__What the task asks__:
Among the entries below, take the line with "imports Main" and the line with "<a, x> = sum_i", and output them and every line between them exactly, with nothing else.

__Dataset excerpts__:
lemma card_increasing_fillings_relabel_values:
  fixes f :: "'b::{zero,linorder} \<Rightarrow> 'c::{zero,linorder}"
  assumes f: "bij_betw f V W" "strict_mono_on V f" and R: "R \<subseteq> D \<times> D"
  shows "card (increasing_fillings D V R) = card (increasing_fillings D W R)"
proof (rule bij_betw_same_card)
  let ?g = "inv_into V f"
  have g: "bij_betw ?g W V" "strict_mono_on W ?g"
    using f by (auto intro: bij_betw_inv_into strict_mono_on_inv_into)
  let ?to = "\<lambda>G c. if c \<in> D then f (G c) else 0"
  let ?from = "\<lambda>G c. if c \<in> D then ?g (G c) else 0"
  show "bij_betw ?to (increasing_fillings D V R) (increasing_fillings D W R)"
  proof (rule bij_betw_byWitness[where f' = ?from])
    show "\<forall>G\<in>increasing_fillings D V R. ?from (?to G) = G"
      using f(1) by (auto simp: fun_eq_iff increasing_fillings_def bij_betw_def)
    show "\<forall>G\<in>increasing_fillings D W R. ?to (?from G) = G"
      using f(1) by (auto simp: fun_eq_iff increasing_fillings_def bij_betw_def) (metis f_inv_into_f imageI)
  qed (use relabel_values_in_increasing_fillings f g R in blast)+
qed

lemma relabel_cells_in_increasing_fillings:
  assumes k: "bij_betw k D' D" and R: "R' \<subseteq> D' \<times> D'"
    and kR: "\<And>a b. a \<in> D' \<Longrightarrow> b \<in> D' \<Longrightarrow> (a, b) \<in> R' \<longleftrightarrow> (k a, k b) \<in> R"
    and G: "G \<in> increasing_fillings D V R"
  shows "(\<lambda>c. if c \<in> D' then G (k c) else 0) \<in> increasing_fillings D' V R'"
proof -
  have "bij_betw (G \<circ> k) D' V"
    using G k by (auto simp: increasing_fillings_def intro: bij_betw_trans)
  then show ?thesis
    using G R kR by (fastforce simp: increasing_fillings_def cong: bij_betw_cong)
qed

...

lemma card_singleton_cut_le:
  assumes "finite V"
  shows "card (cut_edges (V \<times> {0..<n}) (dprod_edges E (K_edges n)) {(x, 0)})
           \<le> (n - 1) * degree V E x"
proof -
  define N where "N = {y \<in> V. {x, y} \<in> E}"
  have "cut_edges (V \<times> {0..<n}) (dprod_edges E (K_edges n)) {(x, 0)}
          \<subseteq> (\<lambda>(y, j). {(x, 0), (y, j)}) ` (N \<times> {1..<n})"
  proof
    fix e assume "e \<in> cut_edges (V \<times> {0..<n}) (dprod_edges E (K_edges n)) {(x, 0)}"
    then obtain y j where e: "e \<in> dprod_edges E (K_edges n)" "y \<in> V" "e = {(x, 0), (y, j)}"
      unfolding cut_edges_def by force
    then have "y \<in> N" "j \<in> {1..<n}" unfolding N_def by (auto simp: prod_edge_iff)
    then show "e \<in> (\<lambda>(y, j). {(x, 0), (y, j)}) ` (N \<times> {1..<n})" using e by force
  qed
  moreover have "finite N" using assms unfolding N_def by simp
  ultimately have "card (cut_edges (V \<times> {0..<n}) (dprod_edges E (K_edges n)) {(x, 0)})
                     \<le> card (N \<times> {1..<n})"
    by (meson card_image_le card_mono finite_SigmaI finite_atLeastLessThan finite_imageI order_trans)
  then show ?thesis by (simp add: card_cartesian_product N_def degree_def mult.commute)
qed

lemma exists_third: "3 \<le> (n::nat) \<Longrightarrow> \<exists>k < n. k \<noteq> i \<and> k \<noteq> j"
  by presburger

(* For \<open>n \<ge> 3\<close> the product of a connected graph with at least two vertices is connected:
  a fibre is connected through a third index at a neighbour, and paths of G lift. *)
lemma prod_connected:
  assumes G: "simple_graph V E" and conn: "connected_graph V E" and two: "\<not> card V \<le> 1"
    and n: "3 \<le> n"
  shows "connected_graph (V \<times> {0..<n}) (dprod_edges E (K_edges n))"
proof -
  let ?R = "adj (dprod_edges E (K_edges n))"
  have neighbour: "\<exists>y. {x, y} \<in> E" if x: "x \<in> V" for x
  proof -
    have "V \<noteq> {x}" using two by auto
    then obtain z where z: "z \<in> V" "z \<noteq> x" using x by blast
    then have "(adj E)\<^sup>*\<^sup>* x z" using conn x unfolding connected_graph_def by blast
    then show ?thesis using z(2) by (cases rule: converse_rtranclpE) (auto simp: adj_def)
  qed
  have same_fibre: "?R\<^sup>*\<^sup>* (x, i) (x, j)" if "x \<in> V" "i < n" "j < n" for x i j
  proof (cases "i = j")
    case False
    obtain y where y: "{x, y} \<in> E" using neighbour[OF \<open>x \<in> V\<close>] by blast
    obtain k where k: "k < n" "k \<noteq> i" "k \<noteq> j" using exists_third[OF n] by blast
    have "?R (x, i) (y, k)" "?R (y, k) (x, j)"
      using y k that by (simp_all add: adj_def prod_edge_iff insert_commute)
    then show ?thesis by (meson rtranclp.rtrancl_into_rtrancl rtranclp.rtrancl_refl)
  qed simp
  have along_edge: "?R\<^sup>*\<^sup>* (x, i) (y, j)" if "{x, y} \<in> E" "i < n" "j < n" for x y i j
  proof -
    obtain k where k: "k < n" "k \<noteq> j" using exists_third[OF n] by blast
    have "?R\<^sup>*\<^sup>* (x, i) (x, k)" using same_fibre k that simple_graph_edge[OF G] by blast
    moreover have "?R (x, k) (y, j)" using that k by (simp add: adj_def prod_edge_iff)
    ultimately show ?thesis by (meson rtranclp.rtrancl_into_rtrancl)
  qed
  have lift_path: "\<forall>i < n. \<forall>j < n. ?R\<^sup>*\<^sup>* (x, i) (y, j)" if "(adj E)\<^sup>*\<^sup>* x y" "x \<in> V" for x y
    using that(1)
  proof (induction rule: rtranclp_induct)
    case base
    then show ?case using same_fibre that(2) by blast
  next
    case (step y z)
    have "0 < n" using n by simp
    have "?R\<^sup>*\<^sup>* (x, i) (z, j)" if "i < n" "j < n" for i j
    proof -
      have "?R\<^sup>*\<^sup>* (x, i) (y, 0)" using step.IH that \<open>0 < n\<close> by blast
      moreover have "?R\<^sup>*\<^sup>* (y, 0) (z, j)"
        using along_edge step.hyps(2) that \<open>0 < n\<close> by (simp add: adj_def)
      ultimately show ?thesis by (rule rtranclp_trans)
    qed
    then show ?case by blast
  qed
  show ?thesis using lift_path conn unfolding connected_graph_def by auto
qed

...

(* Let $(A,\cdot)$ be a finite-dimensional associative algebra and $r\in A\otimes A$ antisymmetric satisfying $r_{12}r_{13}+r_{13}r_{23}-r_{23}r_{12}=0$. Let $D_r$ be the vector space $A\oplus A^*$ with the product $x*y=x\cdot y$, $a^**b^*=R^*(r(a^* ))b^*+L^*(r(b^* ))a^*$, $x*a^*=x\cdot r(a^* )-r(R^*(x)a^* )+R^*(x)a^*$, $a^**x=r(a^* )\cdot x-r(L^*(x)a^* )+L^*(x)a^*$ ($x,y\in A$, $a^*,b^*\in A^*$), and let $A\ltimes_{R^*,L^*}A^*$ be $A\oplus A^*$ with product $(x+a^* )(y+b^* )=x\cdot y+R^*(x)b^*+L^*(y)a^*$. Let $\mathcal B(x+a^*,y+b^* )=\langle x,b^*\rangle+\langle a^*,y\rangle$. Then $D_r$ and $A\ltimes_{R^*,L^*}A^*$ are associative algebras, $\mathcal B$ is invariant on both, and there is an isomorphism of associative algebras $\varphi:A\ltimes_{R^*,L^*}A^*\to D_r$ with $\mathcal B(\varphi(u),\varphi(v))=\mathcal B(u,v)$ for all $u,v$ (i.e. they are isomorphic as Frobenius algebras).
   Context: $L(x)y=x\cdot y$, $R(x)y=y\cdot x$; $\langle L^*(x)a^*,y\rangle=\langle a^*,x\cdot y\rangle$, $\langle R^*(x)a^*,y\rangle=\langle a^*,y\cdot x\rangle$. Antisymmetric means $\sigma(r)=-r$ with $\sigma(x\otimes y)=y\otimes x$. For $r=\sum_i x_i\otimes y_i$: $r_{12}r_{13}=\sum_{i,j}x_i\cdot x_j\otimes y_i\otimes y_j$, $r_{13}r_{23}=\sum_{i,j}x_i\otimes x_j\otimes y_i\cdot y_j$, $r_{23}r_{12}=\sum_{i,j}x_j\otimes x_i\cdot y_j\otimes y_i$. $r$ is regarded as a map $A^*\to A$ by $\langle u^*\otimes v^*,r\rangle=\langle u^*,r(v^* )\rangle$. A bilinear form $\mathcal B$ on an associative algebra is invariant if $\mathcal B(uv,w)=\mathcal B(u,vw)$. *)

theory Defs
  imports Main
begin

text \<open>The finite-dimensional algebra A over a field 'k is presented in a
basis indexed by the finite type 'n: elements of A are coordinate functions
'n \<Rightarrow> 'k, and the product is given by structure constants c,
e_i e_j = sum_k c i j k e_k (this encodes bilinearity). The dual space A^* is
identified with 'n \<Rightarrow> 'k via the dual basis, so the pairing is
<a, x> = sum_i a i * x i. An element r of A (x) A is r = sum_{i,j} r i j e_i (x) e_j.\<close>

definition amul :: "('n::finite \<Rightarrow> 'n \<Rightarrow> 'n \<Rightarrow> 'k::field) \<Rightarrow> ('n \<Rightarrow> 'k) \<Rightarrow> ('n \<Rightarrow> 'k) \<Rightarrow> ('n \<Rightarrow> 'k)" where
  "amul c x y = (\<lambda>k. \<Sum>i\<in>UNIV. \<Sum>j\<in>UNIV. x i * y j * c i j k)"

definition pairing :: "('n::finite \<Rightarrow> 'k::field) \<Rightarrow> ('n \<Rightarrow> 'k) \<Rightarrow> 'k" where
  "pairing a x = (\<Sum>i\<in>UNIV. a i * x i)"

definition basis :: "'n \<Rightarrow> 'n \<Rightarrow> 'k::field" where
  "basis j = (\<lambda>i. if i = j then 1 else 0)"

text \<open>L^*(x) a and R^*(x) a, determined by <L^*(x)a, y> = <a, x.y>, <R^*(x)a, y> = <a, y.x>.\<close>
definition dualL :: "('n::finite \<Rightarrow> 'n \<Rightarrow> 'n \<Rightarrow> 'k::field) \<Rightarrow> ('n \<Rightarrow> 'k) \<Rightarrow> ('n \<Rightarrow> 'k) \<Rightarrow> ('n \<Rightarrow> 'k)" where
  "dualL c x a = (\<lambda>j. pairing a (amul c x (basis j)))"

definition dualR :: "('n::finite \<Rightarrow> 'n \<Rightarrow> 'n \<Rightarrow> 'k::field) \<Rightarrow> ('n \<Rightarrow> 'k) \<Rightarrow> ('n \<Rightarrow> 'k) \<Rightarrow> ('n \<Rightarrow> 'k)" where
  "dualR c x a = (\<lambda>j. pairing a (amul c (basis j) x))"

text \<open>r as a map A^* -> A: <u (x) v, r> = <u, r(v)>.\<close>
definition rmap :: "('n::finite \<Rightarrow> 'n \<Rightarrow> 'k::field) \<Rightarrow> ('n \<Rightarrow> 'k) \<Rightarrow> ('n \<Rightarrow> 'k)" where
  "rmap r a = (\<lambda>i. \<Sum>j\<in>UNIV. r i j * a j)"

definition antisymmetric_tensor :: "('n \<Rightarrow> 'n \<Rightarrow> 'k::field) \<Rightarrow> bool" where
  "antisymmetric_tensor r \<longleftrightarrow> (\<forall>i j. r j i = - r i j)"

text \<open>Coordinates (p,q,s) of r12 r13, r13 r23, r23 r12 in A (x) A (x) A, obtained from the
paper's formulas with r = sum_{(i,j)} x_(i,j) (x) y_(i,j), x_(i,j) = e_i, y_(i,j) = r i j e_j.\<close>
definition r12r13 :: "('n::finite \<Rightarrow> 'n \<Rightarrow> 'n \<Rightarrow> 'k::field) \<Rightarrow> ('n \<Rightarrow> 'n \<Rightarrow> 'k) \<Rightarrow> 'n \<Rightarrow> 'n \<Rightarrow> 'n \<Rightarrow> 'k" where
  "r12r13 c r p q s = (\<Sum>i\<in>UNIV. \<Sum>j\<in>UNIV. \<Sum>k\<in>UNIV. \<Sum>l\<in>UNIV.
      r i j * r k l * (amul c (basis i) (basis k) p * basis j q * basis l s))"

__Written solution__:
  imports Main
begin

text \<open>The finite-dimensional algebra A over a field 'k is presented in a
basis indexed by the finite type 'n: elements of A are coordinate functions
'n \<Rightarrow> 'k, and the product is given by structure constants c,
e_i e_j = sum_k c i j k e_k (this encodes bilinearity). The dual space A^* is
identified with 'n \<Rightarrow> 'k via the dual basis, so the pairing is
<a, x> = sum_i a i * x i. An element r of A (x) A is r = sum_{i,j} r i j e_i (x) e_j.\<close>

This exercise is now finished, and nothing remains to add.